Awwwwwwwwwwwwwwwwwwwwwwwwwwwwwwwwwwww :001_tt1::001_tt1::001_tt1: he's purrrrrrrrrrrrrrrrfect


----------



## DKDREAM (Sep 15, 2008)

TheRoxyLoves said:


> Thanks everyone!!
> 
> yeah i never intended on breeding / showing so the papers didn't bother me, it just means i can't call him a real snowshoe! but he's my handsome little boy anyway!! thinking about getting him a friend but i'll put that topic in Cat Chat
> 
> xx


you can still show him without papers - if your interested pm Carolmanycats on here she will help im sure.


----------



## TheRoxyLoves (Oct 10, 2010)

Hmm maybe, i don't think i'd be very good at it though haha! he's beautiful, and would like everyone to see him! I Might consider it, when he's all grown into his features haha! xx


----------



## Allana (Jul 7, 2010)

Snowshoe  I've never heard of them before! 

I'm not up on my cat breeds, i'm willing to learn with cutie piccies like that!!


----------



## TheRoxyLoves (Oct 10, 2010)

He Adorable, Snowshoes are quite new to me too, i want a siamese, but ended up with George, and i'm soo glad i did!!


----------



## DKDREAM (Sep 15, 2008)

TheRoxyLoves said:


> He Adorable, Snowshoes are quite new to me too, i want a siamese, but ended up with George, and i'm soo glad i did!!


i think theirs a proper breeder of them in Doncaster


----------



## TheRoxyLoves (Oct 10, 2010)

I think we're waiting until January now to adopt a little friend for George to play with!


----------



## mezzer (Oct 6, 2009)

wow....it's like he is saying "have a look at these talons on the end of my paws" great photo's by the way, he is a lovely boy


----------



## TheRoxyLoves (Oct 10, 2010)

Aw thank you, i'm an ameture photographer in my spare time, i really want a decent camera to take some better quality pictures but until then this'll do.

Yeah he's stunning, i've never known a cat like him!! 

xx


----------



## lymorelynn (Oct 4, 2008)

Quote: He Adorable, Snowshoes are quite new to me too, i want a siamese, but ended up with George, and i'm soo glad i did!! :End quote

How cute and adorable is George! Beautiful boy :thumbup: and fantastic photos

Quote: I think we're waiting until January now to adopt a little friend for George to play with!: End quote.

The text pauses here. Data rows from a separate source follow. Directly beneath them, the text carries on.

(* Let $f:\mathbb{R}^d\to\mathbb{R}$ be bounded below by $f^*$ (i.e. $f(x)\ge f^*$ for all $x$) and smooth with non-negative constants $L_1,\dots,L_d$, i.e. $$f(y)\le f(x)+\langle\nabla f(x),y-x\rangle+\sum_{i=1}^d\frac{L_i}{2}(y_i-x_i)^2\quad\text{for all }x,y\in\mathbb{R}^d,$$ and let $\bar L:=\frac1d\sum_{i=1}^d L_i$. Suppose the Success Probability Bounds (SPB) assumption holds. Consider single-node signSGD with Option 1: starting from $x_0\in\mathbb{R}^d$, $x_{k+1}=x_k-\gamma_k\,\mathrm{sign}\,\hat g(x_k)$, where at each iteration $\hat g(x_k)$ is a fresh draw of the estimator at the current point $x_k$. (a) If $\gamma_k=\gamma_0/\sqrt{k+1}$ with $\gamma_0>0$, then for every integer $K\ge 2$, $$\min_{0\le k<K}\mathbb{E}\|\nabla f(x_k)\|_\rho\le\frac{f(x_0)-f^*}{\gamma_0\sqrt K}+\frac{3\gamma_0 d\bar L}{2}\frac{\log K}{\sqrt K}$$ ($\log$ is the natural logarithm). (b) If $\gamma_k\equiv\gamma>0$, then for every $K\ge1$, $$\frac1K\sum_{k=0}^{K-1}\mathbb{E}\|\nabla f(x_k)\|_\rho\le\frac{f(x_0)-f^*}{\gamma K}+\frac{\gamma d\bar L}{2}.$$
   Context: Notation: $g(x):=\nabla f(x)$. For $t\in\mathbb{R}$, $\mathrm{sign}\,t=1$ if $t>0$, $0$ if $t=0$, $-1$ if $t<0$; for vectors sign is applied entrywise. SPB assumption: for every $x\in\mathbb{R}^d$ one has access to an independent (not necessarily unbiased) random estimator $\hat g(x)\in\mathbb{R}^d$ of $g(x)$ such that for every $i\in\{1,\dots,d\}$ with $g_i(x)\neq0$, the success probability $\rho_i(x):=\mathrm{Prob}(\mathrm{sign}\,\hat g_i(x)=\mathrm{sign}\,g_i(x))$ satisfies $\rho_i(x)>\tfrac12$. The $\rho$-norm is $\|g(x)\|_\rho:=\sum_{i=1}^d(2\rho_i(x)-1)|g_i(x)|$ (terms with $g_i(x)=0$ vanish). Expectations are over all randomness of the algorithm. *)

theory Defs
  imports "HOL-Probability.Probability"
begin

text \<open>Entrywise sign of a vector (note: the library's sgn on vectors is normalisation,
  so we define the entrywise version explicitly).\<close>
definition signv :: "real^'n \<Rightarrow> real^'n" where
  "signv v = (\<chi> i. sgn (v $ i))"

text \<open>Success probability rho_i(x) = Prob(sign ghat_i(x) = sign g_i(x)),
  where G x is the law of the estimator ghat(x) and g is the gradient.\<close>
definition succ_prob :: "(real^'n \<Rightarrow> (real^'n) measure) \<Rightarrow> (real^'n \<Rightarrow> real^'n) \<Rightarrow> real^'n \<Rightarrow> 'n \<Rightarrow> real" where
  "succ_prob G g x i = measure (G x) {v \<in> space (G x). sgn (v $ i) = sgn (g x $ i)}"

definition rho_norm :: "(real^'n \<Rightarrow> (real^'n) measure) \<Rightarrow> (real^'n \<Rightarrow> real^'n) \<Rightarrow> real^'n \<Rightarrow> real" where
  "rho_norm G g x = (\<Sum>i\<in>UNIV. (2 * succ_prob G g x i - 1) * \<bar>g x $ i\<bar>)"

primrec signsgd_law :: "(real^'n \<Rightarrow> (real^'n) measure) \<Rightarrow> real^'n \<Rightarrow> (nat \<Rightarrow> real) \<Rightarrow> nat \<Rightarrow> (real^'n) measure" where
  "signsgd_law G x0 \<gamma> 0 = return borel x0"
| "signsgd_law G x0 \<gamma> (Suc k) =
     signsgd_law G x0 \<gamma> k \<bind> (\<lambda>x. distr (G x) borel (\<lambda>v. x - \<gamma> k *\<^sub>R signv v))"

definition exp_rho_norm :: "(real^'n \<Rightarrow> (real^'n) measure) \<Rightarrow> (real^'n \<Rightarrow> real^'n) \<Rightarrow> real^'n \<Rightarrow> (nat \<Rightarrow> real) \<Rightarrow> nat \<Rightarrow> real" where
  "exp_rho_norm G g x0 \<gamma> k = (\<integral>x. rho_norm G g x \<partial>(signsgd_law G x0 \<gamma> k))"

end

theory Submission
  imports Defs
begin

text \<open>One step x' = x - c sign v of signSGD moves every coordinate by at most c, so smoothness gives
  f x' \<le> f x - c \<Sum>i g_i(x) sgn v_i + c^2 \<Sum>i L_i / 2. For v distributed like the estimator,
  g_i E[sgn v_i] \<ge> (2 rho_i - 1) |g_i| coordinatewise, hence E f x' \<le> f x - c ||g x||_rho + c^2 \<Sum>i L_i / 2.
  Taking expectations over the iterates and telescoping yields
  \<Sum>k<K. gamma_k E||g x_k||_rho \<le> f x0 - f* + (\<Sum>i L_i / 2) \<Sum>k<K. gamma_k^2.
  The minimum is at most the gamma-weighted mean, and for gamma_k = gamma_0 / sqrt (k + 1) one has
  \<Sum>gamma_k \<ge> gamma_0 sqrt K and \<Sum>gamma_k^2 = gamma_0^2 H_K \<le> 3 gamma_0^2 ln K for K \<ge> 2.\<close>

lemma borel_measurable_gradient:
  fixes f :: "'a::euclidean_space \<Rightarrow> real"
  assumes grad: "\<And>x. (f has_derivative (\<lambda>h. g x \<bullet> h)) (at x)"
  shows "g \<in> borel_measurable borel"
proof (rule borel_measurable_euclidean_space[THEN iffD2], intro ballI)
  fix b :: 'a
  have [measurable]: "f \<in> borel_measurable borel"
    by (intro borel_measurable_continuous_onI continuous_at_imp_continuous_on ballI
        has_derivative_continuous[OF grad])
  define t :: "nat \<Rightarrow> real" where "t n = inverse (real (Suc n))" for n
  define q where "q n x = (f (x + t n *\<^sub>R b) - f x) / t n" for n x
  have "(\<lambda>n. q n x) \<longlonglongrightarrow> g x \<bullet> b" for x
  proof -
    have "((\<lambda>s. x + s *\<^sub>R b) has_derivative (\<lambda>s. s *\<^sub>R b)) (at 0)"
      by (auto intro!: derivative_eq_intros)
    from has_derivative_compose[OF this grad]
    have "((\<lambda>s. f (x + s *\<^sub>R b)) has_real_derivative g x \<bullet> b) (at 0)"
      by (rule has_derivative_imp_has_field_derivative) simp
    then have "((\<lambda>s. (f (x + s *\<^sub>R b) - f x) / s) \<longlongrightarrow> g x \<bullet> b) (at 0)"
      by (simp add: DERIV_def)
    moreover have "filterlim t (at 0) sequentially"
      unfolding filterlim_at t_def using LIMSEQ_inverse_real_of_nat by simp
    ultimately show ?thesis
      unfolding q_def by (rule filterlim_compose)
  qed
  moreover have "q n \<in> borel_measurable borel" for n
    unfolding q_def by measurable
  ultimately show "(\<lambda>x. g x \<bullet> b) \<in> borel_measurable borel"
    by (rule borel_measurable_LIMSEQ_real)
qed

lemma borel_measurable_vec_lambda:
  fixes f :: "'a \<Rightarrow> 'n::finite \<Rightarrow> real"
  assumes "\<And>i. (\<lambda>x. f x i) \<in> borel_measurable M"
  shows "(\<lambda>x. \<chi> i. f x i) \<in> borel_measurable M"
proof (rule borel_measurable_euclidean_space[THEN iffD2], intro ballI)
  fix b :: "real^'n" assume "b \<in> Basis"
  then obtain i where "b = axis i 1" by (auto simp: Basis_vec_def)
  then show "(\<lambda>x. (\<chi> i. f x i) \<bullet> b) \<in> borel_measurable M"
    using assms by (simp add: inner_axis)
qed

lemma borel_measurable_vec_nth[measurable]: "(\<lambda>x::real^'n. x $ i) \<in> borel_measurable borel"
  by (intro borel_measurable_continuous_onI continuous_intros)

lemma borel_measurable_signv[measurable]: "signv \<in> borel_measurable borel"
  unfolding signv_def by (intro borel_measurable_vec_lambda) measurable

lemma (in prob_space) sign_agreement_le_expectation_sgn:
  assumes [measurable]: "X \<in> borel_measurable M"
  shows "(2 * prob {v \<in> space M. sgn (X v) = sgn a} - 1) * \<bar>a\<bar> \<le> a * expectation (\<lambda>v. sgn (X v))"
proof -
  define A where "A = {v \<in> space M. sgn (X v) = sgn a}"
  have A: "A \<in> events" unfolding A_def by measurable
  have "\<bar>a\<bar> * (2 * prob A - 1) = expectation (\<lambda>v. \<bar>a\<bar> * (2 * indicator A v - 1))"
    using A by (subst integral_mult_right_zero, subst Bochner_Integration.integral_diff)
      (auto simp: prob_space less_top[symmetric])
  also have "\<dots> \<le> expectation (\<lambda>v. a * sgn (X v))"
  proof (rule integral_mono)
    show "integrable M (\<lambda>v. \<bar>a\<bar> * (2 * indicator A v - 1))"
      using A by (intro Bochner_Integration.integrable_diff integrable_mult_right
          integrable_real_indicator integrable_const) (auto simp: less_top[symmetric])
    show "integrable M (\<lambda>v. a * sgn (X v))"
      by (intro integrable_mult_right integrable_const_bound[where B=1]) (auto simp: abs_sgn_eq)
    show "\<bar>a\<bar> * (2 * indicator A v - 1) \<le> a * sgn (X v)" for v
      by (cases "v \<in> A") (auto simp: A_def sgn_if abs_if)
  qed
  finally show ?thesis
    by (simp add: A_def mult.commute)
qed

 I have Siamese kittens due next week and ready to leave at the end of January


----------



## TheRoxyLoves (Oct 10, 2010)

> I have Siamese kittens due next week and ready to leave at the end of January


Seriously?!

I may need to do some serious fluttering of the eyelashes at my husband this evening then!!

I LOVE the siamese breed!

AND on top of that! you're not too far from me!! We're in Dorset!  (Christchurch to be exact!) xx


----------



## lymorelynn (Oct 4, 2008)

Have a look at my website Hannah (in my signature) and send a PM or email via the website if you're interested.


----------



## TheRoxyLoves (Oct 10, 2010)

I did look, and i swooned, my goodness, the christmas themed kittens had my heart into a melted pile of goo!! i'm going to ask my husband tonight if he'd consider it, and then i'll send you a PM (I'm sure he'll be okay with it) but i'm not meant to make these decisions alone hehe!! 

 and you can help me chose, who would be better for George, male or female!! 

i'm like a kid at Christmas time now haha!! 

xx


----------



## Taylorbaby (Jan 10, 2009)

did you happen to buy him in thurrock grays?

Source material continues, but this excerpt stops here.